Figuring that I was going to write a reaction blog to the book, I started to highlight a couple of passages that stuck out to me, because they were either similar to modern experiences or the opposite.
This is Cowboy talking to Joker about how the war is fucked up and why he can’t risk any more marines to try to take out a sniper that has already killed some of the squad. The whole dialogue is interesting, plus there’s the feeling of betrayal for not being able to hoist the American flag, something that was experienced in GWOT as well.
Cowboy spits, his face a sweaty stone. “After the NVA pulled out, the lifers sent in the Arvin Black Panthers to take the Forbidden City. Shit. Nothing left but rearguard squads. We stomped the NVA and they stomped us and the lifers send in the Arvins, like the goddamn Arvins did it. Mr. Shortround said it was their country, said we was only helping out, said it would boost the morale of the Vietnamese people. Well, fuck the Vietnamese people. The horrible hogs in hard, hungry Hotel Company ran up an America flag. Like an Iwo Jima. But some poge officers ordered them to take it down. The snuffies had to run up the stinking Vietnamese flag, which is yellow, which is the right color for these chickenshit people. We’re getting slaughtered in this city. And we can’t even run up a fucking flag. I just can’t hack this shit, bro. My job is to get my people back to the World in one piece.” Cowboy coughs, spits, wipes his nose with the back of his hand. “Under fire, these are the best human beings in the world. All they need is for somebody to throw hand grenades at them for the rest of their lives… These guys depend on me. I can’t send my people out to get that sniper, Joker. I might lose the whole squad.”
Clearing roads for mines/IEDs. Not a new thing.

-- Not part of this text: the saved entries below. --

(* Let $G=(V,E)$ be a finite simple graph, let $A$ be a nonzero commutative ring with unity, let $R=A[V]$, and let $S\subseteq V$. Then $$\mathcal{N}_S(G)=\bigcap_{D}(D)R=\bigcap_{D\ \mathrm{minimal}}(D)R,$$ where the first intersection is over all $S$-TD-sets $D$ of $G$ and the second over all minimal $S$-TD-sets of $G$. Moreover, the second decomposition is irredundant.
   Context: For $v\in V$, $N(v)=\{u\in V: uv\in E\}$, and for $D\subseteq V$, $N(D)=\bigcup_{v\in D}N(v)$. For $U\subseteq V$, $X_U=\prod_{v\in U}v\in A[V]$. The $S$-open neighborhood ideal is $\mathcal{N}_S(G)=(X_{N(v)}\mid v\in S)R$. A set $D\subseteq V$ is an $S$-TD-set of $G$ if $N(D)\supseteq S$; it is minimal if no proper subset of $D$ is an $S$-TD-set. $(D)R$ is the ideal generated by the variables in $D$. *)

theory Defs
  imports "HOL-Library.Poly_Mapping"
begin

text \<open>Polynomial ring A[V]: finitely supported maps from monomials (exponent vectors
  of type v to nat) to coefficients in A.\<close>
type_synonym ('v, 'a) mpol = "('v \<Rightarrow>\<^sub>0 nat) \<Rightarrow>\<^sub>0 'a"

definition var :: "'v \<Rightarrow> ('v, 'a::comm_ring_1) mpol" where
  "var v = Poly_Mapping.single (Poly_Mapping.single v 1) 1"

definition monom_X :: "'v set \<Rightarrow> ('v, 'a::comm_ring_1) mpol" where
  "monom_X U = (\<Prod>v\<in>U. var v)"

definition is_ideal :: "'r::comm_ring_1 set \<Rightarrow> bool" where
  "is_ideal I \<longleftrightarrow> 0 \<in> I \<and> (\<forall>x\<in>I. \<forall>y\<in>I. x + y \<in> I) \<and> (\<forall>r. \<forall>x\<in>I. r * x \<in> I)"

definition gen_ideal :: "'r::comm_ring_1 set \<Rightarrow> 'r set" where
  "gen_ideal X = \<Inter> {I. X \<subseteq> I \<and> is_ideal I}"

definition nbhd :: "('v \<Rightarrow> 'v \<Rightarrow> bool) \<Rightarrow> 'v \<Rightarrow> 'v set" where
  "nbhd E v = {u. E u v}"

definition nbhd_set :: "('v \<Rightarrow> 'v \<Rightarrow> bool) \<Rightarrow> 'v set \<Rightarrow> 'v set" where
  "nbhd_set E D = (\<Union>v\<in>D. nbhd E v)"

definition open_nbhd_ideal :: "('v \<Rightarrow> 'v \<Rightarrow> bool) \<Rightarrow> 'v set \<Rightarrow> ('v, 'a::comm_ring_1) mpol set" where
  "open_nbhd_ideal E S = gen_ideal ((\<lambda>v. monom_X (nbhd E v)) ` S)"

definition is_STD :: "('v \<Rightarrow> 'v \<Rightarrow> bool) \<Rightarrow> 'v set \<Rightarrow> 'v set \<Rightarrow> bool" where
  "is_STD E S D \<longleftrightarrow> S \<subseteq> nbhd_set E D"

definition is_min_STD :: "('v \<Rightarrow> 'v \<Rightarrow> bool) \<Rightarrow> 'v set \<Rightarrow> 'v set \<Rightarrow> bool" where
  "is_min_STD E S D \<longleftrightarrow> is_STD E S D \<and> (\<forall>D'. D' \<subset> D \<longrightarrow> \<not> is_STD E S D')"

definition var_ideal :: "'v set \<Rightarrow> ('v, 'a::comm_ring_1) mpol set" where
  "var_ideal D = gen_ideal (var ` D)"

end

theory Submission imports Defs begin

text \<open>A polynomial lies in \<open>(D)R\<close> exactly when every monomial of its support involves a
  variable of \<open>D\<close>; in particular a squarefree monomial \<open>X_U\<close> lies in \<open>(D)R\<close> iff \<open>U\<close> meets
  \<open>D\<close>. Hence the intersection of the \<open>(D)R\<close> over all sets \<open>D\<close> meeting every \<open>N(v)\<close>, \<open>v \<in> S\<close>,
  consists of the polynomials each of whose monomials is divisible by some \<open>X_N(v)\<close>:
  otherwise choosing, for each \<open>v\<close>, a neighbour outside the support of that monomial would
  give such a \<open>D\<close> missing it. By symmetry of \<open>E\<close> these \<open>D\<close> are exactly the \<open>S\<close>-TD-sets.
  Restricting to minimal ones changes nothing, and the decomposition is irredundant because
  \<open>X_(V - D0)\<close> lies in \<open>(D)R\<close> for every minimal \<open>D \<noteq> D0\<close> (such a \<open>D\<close> is not contained
  in \<open>D0\<close>) but not in \<open>(D0)R\<close>.\<close>

lemma is_ideal_gen_ideal: "is_ideal (gen_ideal X)"
  unfolding gen_ideal_def is_ideal_def by blast

lemma gen_ideal_superset: "X \<subseteq> gen_ideal X"
  unfolding gen_ideal_def by blast

lemma gen_ideal_least: "X \<subseteq> I \<Longrightarrow> is_ideal I \<Longrightarrow> gen_ideal X \<subseteq> I"
  unfolding gen_ideal_def by blast

lemma ideal_mult_left: "is_ideal I \<Longrightarrow> x \<in> I \<Longrightarrow> r * x \<in> I"
  unfolding is_ideal_def by blast

lemma ideal_sum: "is_ideal I \<Longrightarrow> (\<And>x. x \<in> A \<Longrightarrow> f x \<in> I) \<Longrightarrow> sum f A \<in> I"
  by (induction A rule: infinite_finite_induct) (auto simp: is_ideal_def)

lemma sum_single_lookup_keys:
  "(\<Sum>k\<in>Poly_Mapping.keys p. Poly_Mapping.single k (Poly_Mapping.lookup p k)) = p"
  by (rule poly_mapping_eqI) (simp add: lookup_sum lookup_single when_def in_keys_iff)

lemma is_ideal_keys_subset:
  assumes "\<And>a b. b \<in> P \<Longrightarrow> a + b \<in> P"
  shows "is_ideal {f :: 'k::comm_monoid_add \<Rightarrow>\<^sub>0 'a::comm_ring_1. Poly_Mapping.keys f \<subseteq> P}"
proof -
  have "Poly_Mapping.keys (x + y) \<subseteq> P"
    if "Poly_Mapping.keys x \<subseteq> P" "Poly_Mapping.keys y \<subseteq> P" for x y :: "'k \<Rightarrow>\<^sub>0 'a"
    using that keys_add[of x y] by blast
  moreover have "Poly_Mapping.keys (r * x) \<subseteq> P"
    if "Poly_Mapping.keys x \<subseteq> P" for r x :: "'k \<Rightarrow>\<^sub>0 'a"
    using that keys_mult[of r x] assms by blast
  ultimately show ?thesis
    unfolding is_ideal_def by simp
qed

definition set_exponent :: "'v set \<Rightarrow> 'v \<Rightarrow>\<^sub>0 nat" where
  "set_exponent U = (\<Sum>u\<in>U. Poly_Mapping.single u 1)"

lemma lookup_set_exponent:
  "finite U \<Longrightarrow> Poly_Mapping.lookup (set_exponent U) u = (if u \<in> U then 1 else 0)"
  by (simp add: set_exponent_def lookup_sum lookup_single when_def)

lemma keys_set_exponent: "finite U \<Longrightarrow> Poly_Mapping.keys (set_exponent U) = U"
  by (auto simp: in_keys_iff lookup_set_exponent split: if_splits)

lemma monom_X_eq_single:
  "finite U \<Longrightarrow> (monom_X U :: ('v, 'a::comm_ring_1) mpol) = Poly_Mapping.single (set_exponent U) 1"
proof (induction U rule: finite_induct)
  case empty
  then show ?case by (simp add: monom_X_def set_exponent_def one_poly_mapping.abs_eq single.abs_eq)
next
  case (insert x F)
  then show ?case by (simp add: monom_X_def set_exponent_def var_def mult_single)
qed

lemma single_eq_mult_monom_X:
  assumes "finite U" "U \<subseteq> Poly_Mapping.keys m"
  shows "Poly_Mapping.single m c
    = Poly_Mapping.single (m - set_exponent U) c * (monom_X U :: ('v, 'a::comm_ring_1) mpol)"
proof -
  have "m - set_exponent U + set_exponent U = m"
    by (rule poly_mapping_eqI)
      (use assms in \<open>auto simp: lookup_add lookup_minus lookup_set_exponent in_keys_iff\<close>)
  then show ?thesis
    by (simp add: assms(1) monom_X_eq_single mult_single)
qed

lemma var_ideal_mono: "D' \<subseteq> D \<Longrightarrow> var_ideal D' \<subseteq> var_ideal D"
  unfolding var_ideal_def
  by (rule gen_ideal_least) (use gen_ideal_superset is_ideal_gen_ideal in blast)+

lemma keys_inter_if_in_var_ideal:
  assumes "(f :: ('v, 'a::comm_ring_1) mpol) \<in> var_ideal D" "m \<in> Poly_Mapping.keys f"
  shows "Poly_Mapping.keys m \<inter> D \<noteq> {}"
proof -
  let ?P = "{m :: 'v \<Rightarrow>\<^sub>0 nat. Poly_Mapping.keys m \<inter> D \<noteq> {}}"
  have "var_ideal D \<subseteq> {f :: ('v, 'a) mpol. Poly_Mapping.keys f \<subseteq> ?P}"
    unfolding var_ideal_def
  proof (rule gen_ideal_least)
    show "var ` D \<subseteq> {f :: ('v, 'a) mpol. Poly_Mapping.keys f \<subseteq> ?P}"
      by (auto simp: var_def)
    show "is_ideal {f :: ('v, 'a) mpol. Poly_Mapping.keys f \<subseteq> ?P}"
    proof (rule is_ideal_keys_subset)
      fix a b :: "'v \<Rightarrow>\<^sub>0 nat"
      assume "b \<in> ?P"
      then obtain d where "d \<in> D" "d \<in> Poly_Mapping.keys b" by blast
      then have "d \<in> Poly_Mapping.keys (a + b) \<inter> D"
        by (simp add: in_keys_iff lookup_add)
      then show "a + b \<in> ?P" by blast
    qed
  qed
  then show ?thesis
    using assms by blast
qed

lemma monom_X_in_var_ideal_iff:
  assumes "finite U"
  shows "(monom_X U :: ('v, 'a::comm_ring_1) mpol) \<in> var_ideal D \<longleftrightarrow> U \<inter> D \<noteq> {}"
proof
  assume "monom_X U \<in> (var_ideal D :: ('v, 'a) mpol set)"
  moreover have "set_exponent U \<in> Poly_Mapping.keys (monom_X U :: ('v, 'a) mpol)"
    by (simp add: assms monom_X_eq_single)
  ultimately show "U \<inter> D \<noteq> {}"
    using keys_inter_if_in_var_ideal keys_set_exponent[OF assms] by metis
next
  assume "U \<inter> D \<noteq> {}"
  then obtain d where d: "d \<in> U" "d \<in> D" by blast
  then have "(monom_X U :: ('v, 'a) mpol) = monom_X (U - {d}) * var d"
    using assms by (simp add: monom_X_def prod.remove mult.commute)
  moreover have "var d \<in> (var_ideal D :: ('v, 'a) mpol set)"
    unfolding var_ideal_def using d(2) gen_ideal_superset by blast
  ultimately show "monom_X U \<in> (var_ideal D :: ('v, 'a) mpol set)"
    unfolding var_ideal_def by (metis ideal_mult_left is_ideal_gen_ideal)
qed

lemma monomial_ideal_eq_Inter_transversals:
  assumes fin: "\<And>i. i \<in> I \<Longrightarrow> finite (F i)"
  shows "gen_ideal ((\<lambda>i. monom_X (F i)) ` I)
    = (\<Inter> {var_ideal D | D. \<forall>i\<in>I. F i \<inter> D \<noteq> {}} :: ('v, 'a::comm_ring_1) mpol set)"
    (is "?J = \<Inter> ?T")
proof (intro equalityI subsetI)
  fix f assume "f \<in> ?J"
  moreover have "?J \<subseteq> var_ideal D" if "\<forall>i\<in>I. F i \<inter> D \<noteq> {}" for D
  proof (rule gen_ideal_least)
    show "(\<lambda>i. monom_X (F i)) ` I \<subseteq> var_ideal D"
      using that fin by (auto simp: monom_X_in_var_ideal_iff)
    show "is_ideal (var_ideal D :: ('v, 'a) mpol set)"
      unfolding var_ideal_def by (rule is_ideal_gen_ideal)
  qed
  ultimately show "f \<in> \<Inter> ?T" by blast
next
  fix f assume f: "f \<in> \<Inter> ?T"
  have "Poly_Mapping.single m (Poly_Mapping.lookup f m) \<in> ?J"
    if m: "m \<in> Poly_Mapping.keys f" for m
  proof -
    have "\<exists>i\<in>I. F i \<subseteq> Poly_Mapping.keys m"
    proof (rule ccontr)
      assume "\<not> ?thesis"
      then have "\<forall>i\<in>I. \<exists>u. u \<in> F i \<and> u \<notin> Poly_Mapping.keys m"
        by blast
      then obtain g where g: "\<And>i. i \<in> I \<Longrightarrow> g i \<in> F i \<and> g i \<notin> Poly_Mapping.keys m"
        by metis
      then have "\<forall>i\<in>I. F i \<inter> g ` I \<noteq> {}"
        by blast
      with f have "f \<in> var_ideal (g ` I)"
        by blast
      from keys_inter_if_in_var_ideal[OF this m] show False
        using g by blast
    qed
    then obtain i where i: "i \<in> I" "F i \<subseteq> Poly_Mapping.keys m" by blast
    have "monom_X (F i) \<in> ?J"
      using i(1) by (intro gen_ideal_superset[THEN subsetD] imageI)
    then show ?thesis
      using single_eq_mult_monom_X[OF fin[OF i(1)] i(2)] ideal_mult_left[OF is_ideal_gen_ideal]
      by metis
  qed
  then have "(\<Sum>m\<in>Poly_Mapping.keys f. Poly_Mapping.single m (Poly_Mapping.lookup f m)) \<in> ?J"
    by (rule ideal_sum[OF is_ideal_gen_ideal])
  then show "f \<in> ?J"
    by (simp only: sum_single_lookup_keys)
qed

lemma is_STD_iff_transversal:
  assumes "\<And>u v. E u v \<Longrightarrow> E v u"
  shows "is_STD E S D \<longleftrightarrow> (\<forall>v\<in>S. nbhd E v \<inter> D \<noteq> {})"
  unfolding is_STD_def nbhd_set_def nbhd_def using assms by blast

lemma exists_min_STD_subset:
  assumes "finite D" "is_STD E S D"
  shows "\<exists>D'. D' \<subseteq> D \<and> is_min_STD E S D'"
  using assms
proof (induction D rule: finite_psubset_induct)
  case (psubset D)
  show ?case
  proof (cases "is_min_STD E S D")
    case False
    then obtain D' where "D' \<subset> D" "is_STD E S D'"
      using psubset.prems unfolding is_min_STD_def by blast
    then show ?thesis
      using psubset.IH by (meson finite_subset order.trans psubset.hyps psubset_imp_subset)
  qed blast
qed

lemma Inter_min_STD_eq_Inter_STD:
  fixes E :: "'v::finite \<Rightarrow> 'v \<Rightarrow> bool"
  shows "\<Inter> {var_ideal D | D. is_min_STD E S D}
    = (\<Inter> {var_ideal D | D. is_STD E S D} :: ('v, 'a::comm_ring_1) mpol set)"
proof (intro equalityI subsetI)
  fix f :: "('v, 'a) mpol"
  assume f: "f \<in> \<Inter> {var_ideal D | D. is_min_STD E S D}"
  have "f \<in> var_ideal D" if D: "is_STD E S D" for D
  proof -
    obtain D' where "D' \<subseteq> D" "is_min_STD E S D'"
      using exists_min_STD_subset[OF finite D] by blast
    then show ?thesis
      using f var_ideal_mono by blast
  qed
  then show "f \<in> \<Inter> {var_ideal D | D. is_STD E S D}" by blast
qed (auto simp: is_min_STD_def)

lemma min_STD_not_subset:
  "is_min_STD E S D \<Longrightarrow> is_min_STD E S D0 \<Longrightarrow> D \<noteq> D0 \<Longrightarrow> \<not> D \<subseteq> D0"
  unfolding is_min_STD_def by blast

lemma Inter_other_min_STD_neq_Inter_STD:
  fixes E :: "'v::finite \<Rightarrow> 'v \<Rightarrow> bool"
  assumes D0: "is_min_STD E S D0"
  shows "\<Inter> {var_ideal D | D. is_min_STD E S D \<and> D \<noteq> D0}
    \<noteq> (\<Inter> {var_ideal D | D. is_STD E S D} :: ('v, 'a::comm_ring_1) mpol set)"
proof
  have "(monom_X (- D0) :: ('v, 'a) mpol) \<in> var_ideal D"
    if "is_min_STD E S D" "D \<noteq> D0" for D
    using min_STD_not_subset[OF that(1) D0 that(2)] by (simp add: monom_X_in_var_ideal_iff) blast
  then have "(monom_X (- D0) :: ('v, 'a) mpol) \<in> \<Inter> {var_ideal D | D. is_min_STD E S D \<and> D \<noteq> D0}"
    by blast
  moreover assume "\<Inter> {var_ideal D | D. is_min_STD E S D \<and> D \<noteq> D0}
    = (\<Inter> {var_ideal D | D. is_STD E S D} :: ('v, 'a) mpol set)"
  moreover have "\<Inter> {var_ideal D | D. is_STD E S D} \<subseteq> (var_ideal D0 :: ('v, 'a) mpol set)"
    using D0 by (intro Inter_lower) (auto simp: is_min_STD_def)
  ultimately have "(monom_X (- D0) :: ('v, 'a) mpol) \<in> var_ideal D0"
    by (simp only: subset_iff)
  then show False
    by (simp add: monom_X_in_var_ideal_iff)
qed

theorem theorem2p6:
  fixes E :: "'v::finite \<Rightarrow> 'v \<Rightarrow> bool" and S :: "'v set"
  assumes sym: "\<And>u v. E u v \<Longrightarrow> E v u"
    and irrefl: "\<And>v. \<not> E v v"
  shows "(open_nbhd_ideal E S :: ('v, 'a::comm_ring_1) mpol set)
           = \<Inter> {var_ideal D | D. is_STD E S D}
       \<and> (open_nbhd_ideal E S :: ('v, 'a) mpol set)
           = \<Inter> {var_ideal D | D. is_min_STD E S D}
       \<and> (\<forall>D0. is_min_STD E S D0 \<longrightarrow>
            \<Inter> {var_ideal D | D. is_min_STD E S D \<and> D \<noteq> D0}
              \<noteq> (open_nbhd_ideal E S :: ('v, 'a) mpol set))"
proof -
  have "(open_nbhd_ideal E S :: ('v, 'a) mpol set)
      = \<Inter> {var_ideal D | D. \<forall>v\<in>S. nbhd E v \<inter> D \<noteq> {}}"
    unfolding open_nbhd_ideal_def by (rule monomial_ideal_eq_Inter_transversals) simp
  also have "\<dots> = \<Inter> {var_ideal D | D. is_STD E S D}"
    by (simp only: is_STD_iff_transversal[OF sym])
  finally have STD: "(open_nbhd_ideal E S :: ('v, 'a) mpol set) = \<Inter> {var_ideal D | D. is_STD E S D}" .
  show ?thesis
    unfolding STD Inter_min_STD_eq_Inter_STD by (simp add: Inter_other_min_STD_neq_Inter_STD)
qed

end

I was writing a feature article about how the grunts at the Rock pile on Route Nine had to sweep the road for mines every morning before any traffic could use the road.
Probably one of my favorite lines from the book. This line is a part of a long stream of consciousness explanation of how Joker sees himself as part of the machine, his place in the war.
In the darkness I am one with Khe Sahn – a living cell of this place – this erupted pimple of sandbags and barbed wire on a bleak plateau surrounded by the end of the world.
I find myself fascinated more and more with Vietnam not because it seems familiar – which it does at times – but how completely foreign the experience seems from my own. It’s something I’ll need to write about later.
After finishing The Short-Timers, I came across a couple of related and interesting articles. Gustav Hasford, the author of the novel, died in 1993. Someone runs a blog in his honor that runs pieces by or about him from time to time. The lead was this one, titled VIETNAM MEANS NEVER HAVING TO SAY YOU’RE SORRY. It’s a railing against Hollywood and especially the depiction of Vietnam veterans a lá Rambo. It’s fantastic.
Then, while searching for the etymology of the phrase “Is that you John Wayne? Is this me?” which was used in both the movie and the book, I came across this scholarly article about myth and myth making in America from WWII through Vietnam. It’s really fascinating. John Wayne was the hero that simultaneously made war palpable to the Vietnam generation but was rejected when the reality of war – and homecoming – became apparent.
Who is the John Wayne of our generation?